October 12, 2010
CU-Boulder graduate student Andrew Poppe of the physics department is part of a student team at the Laboratory for Atmospheric and Space Physics that designed and built the Student Dust Counter instrument now flying on NASA's New Horizons spacecraft that is headed for Pluto. Credit: Glenn Asakawa/ University of Colorado
A University of Colorado at Boulder space dust counter designed, tested and operated by students that is flying aboard NASA's New Horizons mission to Pluto now holds the record for the most distant working dust detector ever to travel through space.
The instrument on the New Horizons mission -- officially named the Venetia Burney Student Dust Counter, or SDC, after an 11-year-old English girl who named Pluto more than 75 years ago -- reached a distance of 1.67 billion miles from Earth on Oct. 10. Designed by a student team from CU-Boulder's Laboratory for Atmospheric and Space Physics, SDC was launched in 2006 aboard the New Horizons spacecraft, which is now slightly beyond the orbit of Uranus.
Dust grains in the solar system are of high interest to researchers because they are the building blocks of the solar system's planets. Scientists are particularly interested in dust that New Horizons is expected to encounter in the Kuiper Belt, a vast region beyond Neptune's orbit that contains thousands of icy objects that are thought to contain samples of ancient material formed in the solar system billions of years ago.

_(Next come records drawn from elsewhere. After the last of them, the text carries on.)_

lemma real_approx_invertible:
  fixes R :: "nat \<Rightarrow> 'a::topological_space \<Rightarrow> real"
  assumes P: "\<forall>\<mu>\<in>\<Delta>. borel_prob \<mu>" and x: "x \<in> linf_CX" "q_selfadjoint \<omega> \<Delta> x" and "0 < e"
    and R_cont: "\<And>n. continuous_on UNIV (R n)" and R_close: "\<And>n t. \<bar>R n t - Re (x n t)\<bar> \<le> e"
    and defect: "((\<lambda>n. tau_sup2 \<Delta> (\<lambda>t. complex_of_real (R n t * trunc_inverse (e/2) (R n t)) - 1))
      \<longlongrightarrow> 0) \<omega>"
  shows "(\<lambda>n t. complex_of_real (R n t)) \<in> linf_CX"
    and "q_invertible \<omega> \<Delta> (\<lambda>n t. complex_of_real (R n t))"
    and "q_norm \<omega> \<Delta> (\<lambda>n t. x n t - complex_of_real (R n t)) \<le> e"
proof -
  define y where "y n t = complex_of_real (R n t)" for n t
  define b where "b n t = complex_of_real (trunc_inverse (e/2) (R n t))" for n t
  obtain B where B: "\<And>n t. cmod (x n t) \<le> B"
    using x(1) unfolding linf_CX_def by blast
  have "cmod (y n t) \<le> B + e" for n t
    using R_close[of n t] abs_Re_le_cmod[of "x n t"] B[of n t] by (simp add: y_def)
  then show y_linf: "(\<lambda>n t. complex_of_real (R n t)) \<in> linf_CX"
    unfolding y_def by (rule linf_CXI) (simp add: continuous_on_of_real R_cont)
  have "cmod (b n t) \<le> 1 / (e/2)" for n t
    unfolding b_def norm_of_real using \<open>0 < e\<close> by (intro abs_trunc_inverse_le) simp
  then have b_linf: "b \<in> linf_CX"
    by (rule linf_CXI) (use \<open>0 < e\<close> in \<open>unfold b_def, intro continuous_intros R_cont, simp\<close>)
  have yb_eq: "y n t * b n t - 1 = complex_of_real (R n t * trunc_inverse (e/2) (R n t) - 1)" for n t
    by (simp add: y_def b_def)
  have "cmod (y n t * b n t - 1) \<le> 1" for n t
    unfolding yb_eq norm_of_real using \<open>0 < e\<close> by (intro abs_mult_trunc_inverse_minus_one_le) simp
  then have "(\<lambda>n t. y n t * b n t - 1) \<in> linf_CX"
    by (rule linf_CXI) (intro continuous_intros linf_CX_continuous b_linf y_linf[folded y_def])
  then have "(\<lambda>n t. y n t * b n t - 1) \<in> J2 \<omega> \<Delta>"
    using defect by (simp add: J2_def y_def b_def)
  then show "q_invertible \<omega> \<Delta> (\<lambda>n t. complex_of_real (R n t))"
    using b_linf unfolding q_invertible_iff y_def by blast
  show "q_norm \<omega> \<Delta> (\<lambda>n t. x n t - complex_of_real (R n t)) \<le> e"
    using P x y_linf R_close by (rule q_norm_diff_of_real_le)
qed
lemma prob_word_shift:
  assumes "1 \<le> i"
  shows "prob (word S (Suc i) (Suc j) -` {w} \<inter> space M) = prob (word S i j -` {w} \<inter> space M)"
proof -
  let ?P = "PiM UNIV (\<lambda>_. count_space {1..N}) :: (nat \<Rightarrow> nat) measure"
  let ?m = "seq_model M N S"
  let ?F = "\<lambda>\<omega> n. S (Suc n) \<omega>"
  define A where "A = {x\<in>space ?P. map x [i-1..<j] = w}"
  have A: "A \<in> sets ?P"
    using measurable_sets[OF measurable_map_coordinates, of "{1..N}" "{w}" "[i-1..<j]"]
    by (simp add: A_def vimage_def Int_def conj_commute)
  have sets_m: "sets ?m = sets ?P" and space_m: "space ?m = space ?P" by (simp_all add: seq_model_def)
  have shift: "left_shift \<in> measurable ?m ?m" "distr ?m ?m left_shift = ?m"
    using stationary unfolding stationary_model_def by auto
  have upt_shift: "[i..<Suc j] = map Suc [i-1..<j]" "[Suc i..<Suc (Suc j)] = map (Suc \<circ> Suc) [i-1..<j]"
    using assms by (simp_all add: map_Suc_upt flip: map_map del: upt_Suc)
  have "map (?F \<omega>) [i-1..<j] = word S i j \<omega>" for \<omega>
    unfolding word_def upt_shift by simp
  then have "?F -` A \<inter> space M = word S i j -` {w} \<inter> space M"
    using measurable_space[OF measurable_sequence] unfolding A_def by auto
  then have measure_A: "measure ?m A = prob (word S i j -` {w} \<inter> space M)"
    unfolding seq_model_def using measure_distr[OF measurable_sequence A] by simp
  have "map (left_shift (?F \<omega>)) [i-1..<j] = word S (Suc i) (Suc j) \<omega>" for \<omega>
    unfolding word_def left_shift_def upt_shift by simp
  then have "?F -` (left_shift -` A \<inter> space ?m) \<inter> space M = word S (Suc i) (Suc j) -` {w} \<inter> space M"
    using measurable_space[OF measurable_sequence] measurable_space[OF shift(1)]
    unfolding A_def space_m by auto
  moreover have "left_shift -` A \<inter> space ?m \<in> sets ?P"
    using measurable_sets[OF shift(1), of A] A sets_m by simp
  ultimately have "measure ?m (left_shift -` A \<inter> space ?m) = prob (word S (Suc i) (Suc j) -` {w} \<inter> space M)"
    unfolding seq_model_def using measure_distr[OF measurable_sequence] by simp
  moreover have "measure ?m (left_shift -` A \<inter> space ?m) = measure ?m A"
    using measure_distr[OF shift(1), of A] shift(2) A sets_m by simp
  ultimately show ?thesis using measure_A by simp
qed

The only other dust-detecting instruments to measure space dust beyond the orbit of Jupiter -- which is inside the orbit of Uranus -- flew aboard NASA's Pioneer 10 and Pioneer 11 spacecraft in the 1970s.
"The New Horizons mission is going to break a lot of records, but this early one is one of the sweetest," said New Horizons Principal Investigator Alan Stern of the Southwest Research Institute in Boulder. "We're very proud to be collecting solar system dust data farther out than any mission ever has, and we're even prouder to be carrying the first student-built and student-operated science instrument ever sent on a planetary space mission," said Stern, a former faculty member at CU-Boulder.
"It's a once-in-a-lifetime experience to be part of the group of students who made this happen," said Andrew Poppe, a CU graduate student in physics who helps operate LASP's SDC and analyze the data. "We built a record-breaking, successful instrument that is taking scientific measurements to advance our understanding of the role of dust in our solar system."